--- EXERCISE REQUIREMENTS ---
Look through the records and copy each line that has "ultimately" in it.

--- PROVIDED RECORDS ---
★ ★ ★
lemma qT_nn_Cons:
  assumes "ss \<noteq> []"
  shows "qT_nn q (s # ss) = (\<integral>\<^sup>+mid. ennreal (qzeta_term q ss mid)
      * tail_sum (\<lambda>k. \<Sum>p<last mid. qzeta_factor q s k * qT_weight q (k - p)) (hd mid)
      \<partial>count_space (decreasing_lists 1 (length ss)))"
proof -
  have "qT_nn q (s # ss) = (\<integral>\<^sup>+mid. \<integral>\<^sup>+k. \<integral>\<^sup>+p.
      ennreal (qT_weight q (k - p) * qzeta_term q (s # ss) (k # mid @ [p]))
      \<partial>count_space {0..<last mid} \<partial>count_space {hd mid<..} \<partial>count_space (decreasing_lists 1 (length ss)))"
    using assms unfolding qT_nn_def by (simp add: nn_integral_decreasing_lists_Cons_snoc)
  also have "\<dots> = (\<integral>\<^sup>+mid. ennreal (qzeta_term q ss mid)
      * tail_sum (\<lambda>k. \<Sum>p<last mid. qzeta_factor q s k * qT_weight q (k - p)) (hd mid)
      \<partial>count_space (decreasing_lists 1 (length ss)))"
  proof (intro nn_integral_cong)
    fix mid assume "mid \<in> space (count_space (decreasing_lists 1 (length ss)))"
    then have "length mid = length ss"
      by (simp add: decreasing_lists_def)
    then have "ennreal (qT_weight q (k - p) * qzeta_term q (s # ss) (k # mid @ [p]))
        = ennreal (qzeta_term q ss mid) * ennreal (qzeta_factor q s k * qT_weight q (k - p))" for k p
      by (simp add: qzeta_term_append_ignored mult_ac flip: ennreal_mult)
    then show "(\<integral>\<^sup>+k. \<integral>\<^sup>+p. ennreal (qT_weight q (k - p) * qzeta_term q (s # ss) (k # mid @ [p]))
        \<partial>count_space {0..<last mid} \<partial>count_space {hd mid<..})
      = ennreal (qzeta_term q ss mid)
        * tail_sum (\<lambda>k. \<Sum>p<last mid. qzeta_factor q s k * qT_weight q (k - p)) (hd mid)"
      by (simp add: nn_integral_count_space_finite atLeast0LessThan nn_integral_cmult
          flip: sum_distrib_left)
  qed
  finally show ?thesis .
qed

lemma qT_nn_snoc:
  assumes "ss \<noteq> []"
  shows "qT_nn q (ss @ [s]) = (\<integral>\<^sup>+mid. ennreal (qzeta_term q ss mid)
      * ennreal (\<Sum>a<last mid. \<Sum>p<a. qzeta_factor q s a * qT_weight q (hd mid - p))
      \<partial>count_space (decreasing_lists 1 (length ss)))"
proof -
  have "qT_nn q (ss @ [s]) = (\<integral>\<^sup>+mid. \<integral>\<^sup>+a. \<integral>\<^sup>+p.
      ennreal (qT_weight q (hd (mid @ [a, p]) - p) * qzeta_term q (ss @ [s]) (mid @ [a, p]))
      \<partial>count_space {..<a} \<partial>count_space {..<last mid} \<partial>count_space (decreasing_lists 1 (length ss)))"
    using assms unfolding qT_nn_def by (simp add: nn_integral_decreasing_lists_snoc_pair)
  also have "\<dots> = (\<integral>\<^sup>+mid. ennreal (qzeta_term q ss mid)
      * ennreal (\<Sum>a<last mid. \<Sum>p<a. qzeta_factor q s a * qT_weight q (hd mid - p))
      \<partial>count_space (decreasing_lists 1 (length ss)))"
  proof (intro nn_integral_cong)
    fix mid assume "mid \<in> space (count_space (decreasing_lists 1 (length ss)))"
    then have "length mid = length ss" "mid \<noteq> []"
      using assms by (auto simp: decreasing_lists_def)
    then have "ennreal (qT_weight q (hd (mid @ [a, p]) - p) * qzeta_term q (ss @ [s]) (mid @ [a, p]))
        = ennreal (qzeta_term q ss mid) * ennreal (qzeta_factor q s a * qT_weight q (hd mid - p))" for a p
      by (simp add: qzeta_term_append mult_ac flip: ennreal_mult)
    then show "(\<integral>\<^sup>+a. \<integral>\<^sup>+p.
        ennreal (qT_weight q (hd (mid @ [a, p]) - p) * qzeta_term q (ss @ [s]) (mid @ [a, p]))
        \<partial>count_space {..<a} \<partial>count_space {..<last mid})
      = ennreal (qzeta_term q ss mid)
        * ennreal (\<Sum>a<last mid. \<Sum>p<a. qzeta_factor q s a * qT_weight q (hd mid - p))"
      by (simp add: nn_integral_count_space_finite sum_nonneg flip: sum_distrib_left)
  qed
  finally show ?thesis .
qed

lemma qzeta_nn_Cons:
  assumes "ss \<noteq> []"
  shows "qzeta_nn q (s # ss) = (\<integral>\<^sup>+mid. ennreal (qzeta_term q ss mid) * tail_sum (qzeta_factor q s) (hd mid)
      \<partial>count_space (decreasing_lists 1 (length ss)))"
  using assms unfolding qzeta_nn_def
  by (simp add: nn_integral_decreasing_lists_Cons ennreal_mult nn_integral_multc mult.commute)

lemma qzeta_nn_Cons_snoc:
  assumes "ss \<noteq> []"
  shows "qzeta_nn q (a # ss @ [b]) = (\<integral>\<^sup>+mid. ennreal (qzeta_term q ss mid)
      * (tail_sum (qzeta_factor q a) (hd mid) * ennreal (\<Sum>p\<in>{0<..<last mid}. qzeta_factor q b p))
      \<partial>count_space (decreasing_lists 1 (length ss)))"
proof -
  have "qzeta_nn q (a # ss @ [b]) = (\<integral>\<^sup>+mid. \<integral>\<^sup>+k. \<integral>\<^sup>+p.
      ennreal (qzeta_term q (a # ss @ [b]) (k # mid @ [p]))
      \<partial>count_space {1..<last mid} \<partial>count_space {hd mid<..} \<partial>count_space (decreasing_lists 1 (length ss)))"
    using assms unfolding qzeta_nn_def by (simp add: nn_integral_decreasing_lists_Cons_snoc)
  also have "\<dots> = (\<integral>\<^sup>+mid. ennreal (qzeta_term q ss mid)
      * (tail_sum (qzeta_factor q a) (hd mid) * ennreal (\<Sum>p\<in>{0<..<last mid}. qzeta_factor q b p))
      \<partial>count_space (decreasing_lists 1 (length ss)))"
  proof (intro nn_integral_cong)
    fix mid assume "mid \<in> space (count_space (decreasing_lists 1 (length ss)))"
    then have "length mid = length ss"
      by (simp add: decreasing_lists_def)
    then have "ennreal (qzeta_term q (a # ss @ [b]) (k # mid @ [p]))
        = ennreal (qzeta_term q ss mid) * ennreal (qzeta_factor q a k) * ennreal (qzeta_factor q b p)" for k p
      by (simp add: qzeta_term_append mult_ac flip: ennreal_mult)
    moreover have "{1..<last mid} = {0<..<last mid}"
      by auto
    ultimately show "(\<integral>\<^sup>+k. \<integral>\<^sup>+p. ennreal (qzeta_term q (a # ss @ [b]) (k # mid @ [p]))
        \<partial>count_space {1..<last mid} \<partial>count_space {hd mid<..})
      = ennreal (qzeta_term q ss mid)
        * (tail_sum (qzeta_factor q a) (hd mid) * ennreal (\<Sum>p\<in>{0<..<last mid}. qzeta_factor q b p))"
      by (simp add: nn_integral_count_space_finite nn_integral_cmult nn_integral_multc
          mult.assoc flip: sum_distrib_left)
  qed
  finally show ?thesis .
qed

lemma qzeta_nn_depth_two_formula:
  assumes "2 \<le> s"
  shows "qzeta_nn q [Suc s] = (\<Sum>j<s - 1. qzeta_nn q [s - j, j + 1])"
proof -
  have "{1::nat..} = {0<..}"
    by auto
  then show ?thesis
    using tail_sum_depth_two_formula[OF assms]
      nn_integral_decreasing_lists_singleton[where b = 1] nn_integral_decreasing_lists_pair[where b = 1]
    by (simp add: qzeta_nn_def ennreal_mult numeral_2_eq_2)
qed

lemma qT_nn_rotate:
  assumes "0 < s" and "ss \<noteq> [] \<or> 2 \<le> s"
  shows "qT_nn q (s # ss) + (\<Sum>j<s - 1. qzeta_nn q ((s - j) # ss @ [j + 1]))
       = qzeta_nn q ((s + 1) # ss) + qT_nn q (ss @ [s])"
proof (cases "ss = []")
  case True
  then show ?thesis
    using assms(2) qzeta_nn_depth_two_formula by (simp add: add.commute)
next
  case False
  let ?P = "\<lambda>mid. ennreal (qzeta_term q ss mid)"
  let ?A = "\<lambda>mid. tail_sum (\<lambda>k. \<Sum>p<last mid. qzeta_factor q s k * qT_weight q (k - p)) (hd mid)"
  let ?C = "\<lambda>j mid. tail_sum (qzeta_factor q (s - j)) (hd mid)
      * ennreal (\<Sum>p\<in>{0<..<last mid}. qzeta_factor q (j + 1) p)"
  let ?E = "\<lambda>mid. tail_sum (qzeta_factor q (Suc s)) (hd mid)"
  let ?B = "\<lambda>mid. ennreal (\<Sum>a<last mid. \<Sum>p<a. qzeta_factor q s a * qT_weight q (hd mid - p))"
  let ?D = "decreasing_lists 1 (length ss)"
  have "qT_nn q (s # ss) + (\<Sum>j<s - 1. qzeta_nn q ((s - j) # ss @ [j + 1]))
      = (\<integral>\<^sup>+mid. ?P mid * (?A mid + (\<Sum>j<s - 1. ?C j mid)) \<partial>count_space ?D)"
    using False by (simp add: qT_nn_Cons qzeta_nn_Cons_snoc nn_integral_add nn_integral_sum
        distrib_left sum_distrib_left del: sum_ennreal)
  also have "\<dots> = (\<integral>\<^sup>+mid. ?P mid * (?E mid + ?B mid) \<partial>count_space ?D)"
  proof (intro nn_integral_cong)
    fix mid assume mid: "mid \<in> space (count_space ?D)"
    then have "mid \<noteq> []"
      using False by (auto simp: decreasing_lists_def)
    then have "0 < last mid" "last mid \<le> hd mid"
      using mid by (simp_all add: decreasing_lists_def Suc_le_eq sorted_wrt_greater_hd_last(2))
    then show "?P mid * (?A mid + (\<Sum>j<s - 1. ?C j mid)) = ?P mid * (?E mid + ?B mid)"
      using tail_sum_identity_summed[OF _ _ assms(1)] by simp
  qed
  also have "\<dots> = qzeta_nn q ((s + 1) # ss) + qT_nn q (ss @ [s])"
    using False by (simp add: qzeta_nn_Cons qT_nn_snoc nn_integral_add distrib_left)
  finally show ?thesis .
qed

lemma qT_rotate:
  assumes "0 < s" and "\<exists>x\<in>set (s # ss). 1 < x"
  shows "qT q (s # ss) + (\<Sum>j<s - 1. qzeta q ((s - j) # ss @ [j + 1]))
       = qzeta q ((s + 1) # ss) + qT q (ss @ [s])"
proof -
  have "ss \<noteq> [] \<or> 2 \<le> s"
    using assms(2) by auto
  note rotate = arg_cong[OF qT_nn_rotate[OF assms(1) this], of enn2real]
  have zeta_finite: "qzeta_nn q ((s - j) # ss @ [j + 1]) < \<infinity>" if "j < s - 1" for j
    using that by (intro qzeta_nn_less_top) simp_all
  then have "(\<Sum>j<s - 1. qzeta q ((s - j) # ss @ [j + 1]))
      = enn2real (\<Sum>j<s - 1. qzeta_nn q ((s - j) # ss @ [j + 1]))"
    by (subst enn2real_sum) (auto simp: qzeta_eq_enn2real less_top intro!: sum.cong)
  moreover have "qT_nn q (s # ss) < \<infinity>"
    by (rule qT_nn_less_top) (use assms(2) in auto)
  moreover have "qT_nn q (ss @ [s]) < \<infinity>"
    by (rule qT_nn_less_top) (use assms(2) in auto)
  moreover have "qzeta_nn q ((s + 1) # ss) < \<infinity>"
    using assms(1) by (intro qzeta_nn_less_top) simp_all
  ultimately show ?thesis
    using rotate zeta_finite
    by (simp add: qT_eq_enn2real qzeta_eq_enn2real enn2real_plus ennreal_sum_less_top less_top)
qed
★ ★ ★
--- WORKED SOLUTION ---
    ultimately show "(\<integral>\<^sup>+k. \<integral>\<^sup>+p. ennreal (qzeta_term q (a # ss @ [b]) (k # mid @ [p]))
  ultimately show ?thesis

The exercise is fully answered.